10-1: self-recoverable segment cross section 10-2 with the origin o: segments were self-healing cross Hex: the external magnetic field H _theta: 10-1 angle formed between the outer peripheral tangent Hex of M _theta: 10-2 periphery tangent Cylinder samples obtained from angles 11, 12, 13: 10-1 formed with the C-axis 21, 22, 23: 10-2

Claims (6)

A microstructure in which one or two or more aligned rare earth-iron magnet powders are immobilized in a cross-linking reaction phase, and the cross-linking reaction phase and a slip deformation phase based on viscous flow are chemically bonded between the powders. Constrains the inner and outer peripheral surfaces of the segment with a matrix containing, breaks the surface by a self-healing action based on slip deformation and crosslinking reaction according to heat and external force, and integrates the segments as necessary to make it rigid.
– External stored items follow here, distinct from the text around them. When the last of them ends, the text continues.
lemma measure_Pi_pmf_Gcd_eq_ge:
  fixes Q :: "int pmf" and a :: int
  assumes a: "a > 0" and dvd: "\<And>x. x \<in> set_pmf Q \<Longrightarrow> a dvd x"
  shows "measure_pmf.prob (Pi_pmf {..<m} 0 (\<lambda>_. Q)) {v. Gcd (v ` {..<m}) = a}
           \<ge> 1 - measure_pmf.prob (pair_pmf Q Q) {p. gcd (fst p) (snd p) \<noteq> a} ^ (m div 2)"
proof -
  define n where "n = m div 2"
  define PI where "PI = Pi_pmf {..<m} 0 (\<lambda>_. Q)"
  define bad_pairs where "bad_pairs = {v :: nat \<Rightarrow> int. \<forall>j<n. gcd (v (2*j)) (v (2*j+1)) \<noteq> a}"
  have "{v. Gcd (v ` {..<m}) \<noteq> a} \<inter> set_pmf PI \<subseteq> bad_pairs"
  proof (clarify)
    fix v assume v: "Gcd (v ` {..<m}) \<noteq> a" "v \<in> set_pmf PI"
    then have "a dvd v i" if "i < m" for i
      using that dvd by (auto simp: PI_def set_Pi_pmf PiE_dflt_def)
    then show "v \<in> bad_pairs"
      using v(1) Gcd_image_eq_of_gcd_pair[OF a, of m v] by (fastforce simp: bad_pairs_def n_def)
  qed
  then have "measure_pmf.prob PI {v. Gcd (v ` {..<m}) \<noteq> a} \<le> measure_pmf.prob PI bad_pairs"
    by (subst measure_Int_set_pmf[symmetric]) (intro measure_pmf.finite_measure_mono, auto)
  also have "\<dots> = measure_pmf.prob (Pi_pmf {..<2*n} 0 (\<lambda>_. Q)) bad_pairs"
  proof -
    have "Pi_pmf {..<2*n} 0 (\<lambda>_. Q) = map_pmf (\<lambda>f x. if x \<in> {..<2*n} then f x else 0) PI"
      unfolding PI_def by (rule Pi_pmf_subset) (auto simp: n_def)
    moreover have "(\<lambda>f x. if x \<in> {..<2*n} then f x else 0) -` bad_pairs = bad_pairs"
      by (auto simp: bad_pairs_def)
    ultimately show ?thesis by simp
  qed
  also have "\<dots> = measure_pmf.prob (pair_pmf Q Q) {p. gcd (fst p) (snd p) \<noteq> a} ^ n"
    unfolding bad_pairs_def using measure_Pi_pmf_pairs[of "{p. gcd (fst p) (snd p) \<noteq> a}" n 0 Q]
    by (simp add: gcd.commute)
  finally have "measure_pmf.prob PI {v. Gcd (v ` {..<m}) \<noteq> a}
      \<le> measure_pmf.prob (pair_pmf Q Q) {p. gcd (fst p) (snd p) \<noteq> a} ^ (m div 2)"
    by (simp add: n_def)
  moreover have "{v. Gcd (v ` {..<m}) = a} = UNIV - {v. Gcd (v ` {..<m}) \<noteq> a}" by auto
  ultimately show ?thesis
    using measure_pmf.prob_compl[of "{v. Gcd (v ` {..<m}) \<noteq> a}" PI] by (simp add: PI_def)
qed

lemma power_half_samples_le_sqrt:
  fixes eps beta :: real
  assumes eps: "0 < eps" "eps \<le> 1/64" and beta: "0 \<le> beta" "beta \<le> 31/32"
    and m: "real m \<ge> 4 / sqrt eps"
  shows "beta ^ (m div 2) \<le> 32 * sqrt eps"
proof -
  define n where "n = m div 2"
  have "sqrt eps \<le> sqrt (1/64)" using eps by (intro real_sqrt_le_mono)
  then have se: "0 < sqrt eps" "sqrt eps \<le> 1/8" using eps by (simp_all add: real_sqrt_divide)
  then have "2 / sqrt eps \<ge> 16" by (simp add: field_simps)
  moreover have "real m \<le> 2 * real n + 1" by (simp add: n_def)
  ultimately have n: "real n \<ge> 1 / sqrt eps" using m by (simp add: field_simps)
  then have "real n > 0" using se by (smt (verit) divide_pos_pos)
  have "beta ^ n \<le> (1 - 1/32) ^ n" using beta by (intro power_mono) auto
  also have "\<dots> \<le> exp (- (1/32)) ^ n"
    using exp_ge_add_one_self[of "-(1/32) :: real"] by (intro power_mono) auto
  also have "\<dots> = 1 / exp (real n / 32)"
    by (simp add: exp_of_nat_mult[symmetric] exp_minus field_simps)
  also have "\<dots> \<le> 1 / (real n / 32)"
  proof (rule divide_left_mono)
    show "real n / 32 \<le> exp (real n / 32)"
      using exp_ge_add_one_self[of "real n / 32"] by linarith
  qed (use \<open>real n > 0\<close> in auto)
  also have "\<dots> \<le> 32 * sqrt eps"
    using n se \<open>real n > 0\<close> by (simp add: field_simps)
  finally show ?thesis by (simp add: n_def)
qed

lemma set_pmf_pbd: "set_pmf (pbd ps) \<subseteq> {..length ps}"
  by (induction ps) (fastforce simp: set_bind_pmf)+

lemma measure_Pi_pmf_pbd_Gcd_eq_ge:
  fixes a b :: int
  assumes c0: "c0 > 0" and eps: "0 < eps" "eps \<le> 1/64" "eps \<le> sqrt c0 / 2^60"
    and heavy: "heavy_binomial_form c0 eps (length ps) (pbd ps)"
    and a: "a > 0" and m: "real m \<ge> 4 / sqrt eps"
  shows "measure_pmf.prob (Pi_pmf {..<m} 0 (\<lambda>_. map_pmf (\<lambda>s. a * (int s - b)) (pbd ps)))
           {v. Gcd (v ` {..<m}) = a} \<ge> 1 - 32 * sqrt eps"
proof -
  obtain u l q where q: "0 \<le> q" "q \<le> 1"
    and tv: "tv_dist (pbd ps) (map_pmf (\<lambda>k. u + k) (binomial_pmf l q)) \<le> eps"
    and var: "real l * q * (1 - q) \<ge> c0 / eps^2"
    using heavy unfolding heavy_binomial_form_def by blast
  have "(eps * 2^60)^2 \<le> sqrt c0 ^ 2"
    using eps by (intro power_mono) (auto simp: field_simps)
  then have "2^120 \<le> c0 / eps^2"
    using eps c0 by (simp add: field_simps power_mult_distrib)
  then have V: "real l * q * (1 - q) \<ge> 2^120" using var by linarith
  define Q where "Q = map_pmf (\<lambda>s. a * (int s - b)) (pbd ps)"
  define beta where "beta = measure_pmf.prob (pair_pmf Q Q) {p. gcd (fst p) (snd p) \<noteq> a}"
  have "beta \<le> 15/16 + 2 * tv_dist (pbd ps) (map_pmf (\<lambda>k. u + k) (binomial_pmf l q))"
    unfolding beta_def Q_def
    by (rule measure_pair_scaled_gcd_ne_le[OF finite_subset[OF set_pmf_pbd[of ps]] a q V]) simp
  then have "beta \<le> 31/32" using tv eps by linarith
  then have "beta ^ (m div 2) \<le> 32 * sqrt eps"
    using eps m by (intro power_half_samples_le_sqrt) (auto simp: beta_def)
  moreover have "measure_pmf.prob (Pi_pmf {..<m} 0 (\<lambda>_. Q)) {v. Gcd (v ` {..<m}) = a} \<ge> 1 - beta ^ (m div 2)"
    unfolding beta_def using a by (intro measure_Pi_pmf_Gcd_eq_ge) (auto simp: Q_def)
  ultimately show ?thesis by (simp add: Q_def)
qed

theorem proposition54:
  fixes c0 :: real
  assumes "c0 > 0"
  shows "\<exists>eps0 > 0. \<exists>C > 0. \<exists>c1 > 0. \<forall>(eps::real) (ps::real list) (a::int) (b::int) (m::nat).
           0 < eps \<and> eps \<le> eps0 \<and> (\<forall>p\<in>set ps. 0 \<le> p \<and> p \<le> 1) \<and>
           heavy_binomial_form c0 eps (length ps) (pbd ps) \<and> a > 0 \<and> real m \<ge> c1 / sqrt eps \<longrightarrow>
           measure_pmf.prob
             (Pi_pmf {..<m} 0 (\<lambda>_. map_pmf (\<lambda>s. a * (int s - b)) (pbd ps)))
             {v. Gcd (v ` {..<m}) = a} \<ge> 1 - C * sqrt eps"
proof -
  define eps0 where "eps0 = min (1/64) (sqrt c0 / 2^60)"
  have main: "measure_pmf.prob (Pi_pmf {..<m} 0 (\<lambda>_. map_pmf (\<lambda>s. a * (int s - b)) (pbd ps)))
      {v. Gcd (v ` {..<m}) = a} \<ge> 1 - 32 * sqrt eps"
    if "0 < eps" "eps \<le> eps0" "heavy_binomial_form c0 eps (length ps) (pbd ps)" "a > 0" "real m \<ge> 4 / sqrt eps"
    for eps ps a b m
    using that by (intro measure_Pi_pmf_pbd_Gcd_eq_ge[OF assms]) (auto simp: eps0_def)
  have "eps0 > 0" "(32::real) > 0" "(4::real) > 0" using assms by (simp_all add: eps0_def)
  then show ?thesis using main by blast
qed

end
Self-repairing rare earth-iron magnet. One or two or more kinds of rare earth-iron-based magnet powders have a maximum energy product (BH) _max of 250 kJ / m ³ or more and a volume fraction of 80 vol. The self-repairing rare earth-iron magnet according to claim 1, which is at least%. The total volume fraction of the rare earth-iron-based magnet powder, the crosslinking reaction phase, and the slip deformation phase is 97 vol. % Or more and voids of 3 vol. The self-repairing rare earth-iron magnet according to claim 1, which is not more than%. The self-repairing rare earth-iron magnet according to claim 1, wherein the difference in the maximum magnetization M _max of the segment and the corresponding magnet is 0.03 T or less and the difference in anisotropic dispersion σ is 7% or less. Remanence Mr 0.95 T or more, the coercive force HcJ 0.95 MA / m or _{more, (BH) max 160 kJ /} m 3 or more in self-recoverable rare-earth according to claim 1, wherein - an iron-based magnet. The self-repairing rare earth-iron magnet according to claim 1, wherein a magnetic circuit with an iron core is formed with an annular shape such as an arc shape or a cylindrical shape, a pole pair number of 1 or more, and a permeance coefficient Pc of 3 or more.